The release of SharePoint 2013 has reignited the conversation around effective information governance. An infographic from Business 2 Community serves as a good reference for simplifying what governance should be like in an organization. Here are four keys to successful SharePoint governance.

  1. Define information architecture and plan for growth: Clearly defining information architecture helps you to determine what content belongs on a site and if there’s a logical place for the content. That allows you to better manage growth because you’re able to determine where to build a new area of the site if there’s content that doesn’t have a logical home. It is important to define ownership and accountability of sites. Keep track of the purpose of a site and who’s in charge of it. Fundamentally, there should be one business group or individual responsible for the growth of sites within SharePoint. This is vital to avoiding duplicative content and a mess of abandoned sites with no clear owner or purpose.
  2. Make sure you’re addressing business use cases: It’s a great idea to champion internal evangelists or power users. They should play a key role in exploring ways to use SharePoint and determining if it’s the right platform for a particular business solution.

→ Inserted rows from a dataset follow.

lemma card_attachments_le_4:
  assumes "\<not> has_pattern n G B 11 spider_edges {6..<11}" and "v < n" and "B \<subseteq> {..<n}"
    and W: "W \<subseteq> {w\<in>{..<n}. adj G v w \<and> w \<notin> B}"
    and f: "\<And>w. w \<in> W \<Longrightarrow> f w \<in> B \<and> f w \<noteq> v \<and> adj G (f w) w"
  shows "card (f ` W) \<le> 4"
proof (rule ccontr)
  assume "\<not> ?thesis"
  then have "5 \<le> card (f ` W)" by simp
  moreover have "finite W" using W by (rule finite_subset) simp
  ultimately obtain us where us: "distinct us" "length us = 5" "set us \<subseteq> f ` W"
    by (metis ex_distinct_list_of_card_ge finite_imageI)
  define ws where "ws = map (inv_into W f) us"
  have ws: "ws ! i \<in> W \<and> f (ws ! i) = us ! i" if "i < 5" for i
  proof -
    have "us ! i \<in> f ` W" using us(2,3) nth_mem[of i us] that by auto
    then show ?thesis using us(2) that by (simp add: ws_def inv_into_into f_inv_into_f)
  qed
  have "distinct ws" and "length ws = 5"
    using us by (auto simp: ws_def distinct_map inj_on_inv_into)
  then have "set ws \<subseteq> W" using ws by (auto simp: in_set_conv_nth)
  have "set us \<subseteq> B" and "v \<notin> set us" using us f by auto
  moreover have "v \<notin> set ws" and "set ws \<inter> set us = {}"
    using \<open>set ws \<subseteq> W\<close> \<open>set us \<subseteq> B\<close> W by (auto simp: adj_def)
  ultimately have "distinct (v # ws @ us)" and "set (v # ws @ us) \<subseteq> {..<n}"
    using \<open>distinct ws\<close> us(1) \<open>set ws \<subseteq> W\<close> W assms(2,3) by auto
  moreover have "G {v, ws ! i} \<and> G {ws ! i, us ! i} \<and> us ! i \<in> B" if "i < 5" for i
  proof -
    have "us ! i \<in> set us" using us(2) that by simp
    then show ?thesis
      using ws[OF that] W f[of "ws ! i"] \<open>set us \<subseteq> B\<close> by (auto simp: adj_def insert_commute)
  qed
  ultimately show False
    using has_spider_pattern[of v ws us n G B] assms(1) \<open>length ws = 5\<close> us(2) by blast
qed

lemma card_nbrs_in_or_ext_nbhd_le_25:
  assumes no_cherry: "\<not> has_pattern n G B 3 cherry_edges {1, 2}"
    and no_K27: "\<not> has_pattern n G B 9 K27_edges {}"
    and no_spider: "\<not> has_pattern n G B 11 spider_edges {6..<11}"
    and "v < n" and "B \<subseteq> {..<n}"
  shows "card {w\<in>{..<n}. adj G v w \<and> w \<in> B \<union> ext_nbhd n G (B - {v})} \<le> 25"
proof -
  define W where "W = {w\<in>{..<n}. adj G v w \<and> w \<notin> B \<and> w \<in> ext_nbhd n G (B - {v})}"
  define f where "f w = (SOME u. u \<in> B \<and> u \<noteq> v \<and> adj G u w)" for w
  have f: "f w \<in> B \<and> f w \<noteq> v \<and> adj G (f w) w" if "w \<in> W" for w
    unfolding f_def by (rule someI_ex) (use that in \<open>auto simp: W_def ext_nbhd_def\<close>)
  have "card W \<le> 6 * card (f ` W)"
  proof (rule card_le_mult_card_image)
    fix u assume "u \<in> f ` W"
    then have "u \<noteq> v" and "u < n" using f \<open>B \<subseteq> {..<n}\<close> by auto
    have "{w\<in>W. f w = u} \<subseteq> {x\<in>{..<n}. adj G v x \<and> adj G u x}"
      using f by (auto simp: W_def)
    then have "card {w\<in>W. f w = u} \<le> card {x\<in>{..<n}. adj G v x \<and> adj G u x}"
      by (intro card_mono) auto
    also have "\<dots> \<le> 6"
      using card_common_nbrs_le_6[OF no_K27 \<open>u < n\<close> \<open>v < n\<close> \<open>u \<noteq> v\<close>] .
    finally show "card {w\<in>W. f w = u} \<le> 6" .
  qed (simp add: W_def)
  also have "\<dots> \<le> 24"
    using card_attachments_le_4[OF no_spider \<open>v < n\<close> \<open>B \<subseteq> {..<n}\<close> _ f, of W] by (auto simp: W_def)
  finally have "card W \<le> 24" .
  have "{w\<in>{..<n}. adj G v w \<and> w \<in> B \<union> ext_nbhd n G (B - {v})} \<subseteq> {w\<in>{..<n}. adj G v w \<and> w \<in> B} \<union> W"
    by (auto simp: W_def)
  then have "card {w\<in>{..<n}. adj G v w \<and> w \<in> B \<union> ext_nbhd n G (B - {v})}
      \<le> card ({w\<in>{..<n}. adj G v w \<and> w \<in> B} \<union> W)"
    by (intro card_mono) (auto simp: W_def)
  also have "\<dots> \<le> card {w\<in>{..<n}. adj G v w \<and> w \<in> B} + card W" by (rule card_Un_le)
  finally show ?thesis
    using card_nbrs_in_le_1[OF no_cherry \<open>v < n\<close>] \<open>card W \<le> 24\<close> by linarith
qed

Having people champion the technology at a peer-to-peer level is also critical to building user adoption.
  3. Minimize obstacles and maintain control: We can’t stress this enough — do not create bottlenecks for accomplishing tasks in your governance plan. Determine how loose or tight you want your governance to be, and decide how much trust you’re willing to put in the hands of your business leaders and users. We always recommend having someone accountable for monitoring growth and serving as a checkpoint.
  4. Plan to adapt: Your governance plan should never truly be complete. A successful plan will be flexible enough to accommodate the continuous improvement of SharePoint as new solutions are integrated with the platform. Regular audits and cleanup of obsolete information will help to keep the system tidy, although the article notes that “realistically, there will never be a perfectly clean SharePoint system.” Consider devising an archive strategy for outdated content at the onset of releasing SharePoint 2013. This will support a strategy for reducing outdated and obsolete information from taking permanent residence in SharePoint.

Information governance is an important concept for any business dealing with data, which includes all organizations that use SharePoint. Keeping the above tips in mind will help you to craft an effective governance plan that doesn’t get in the way of productivity and innovation.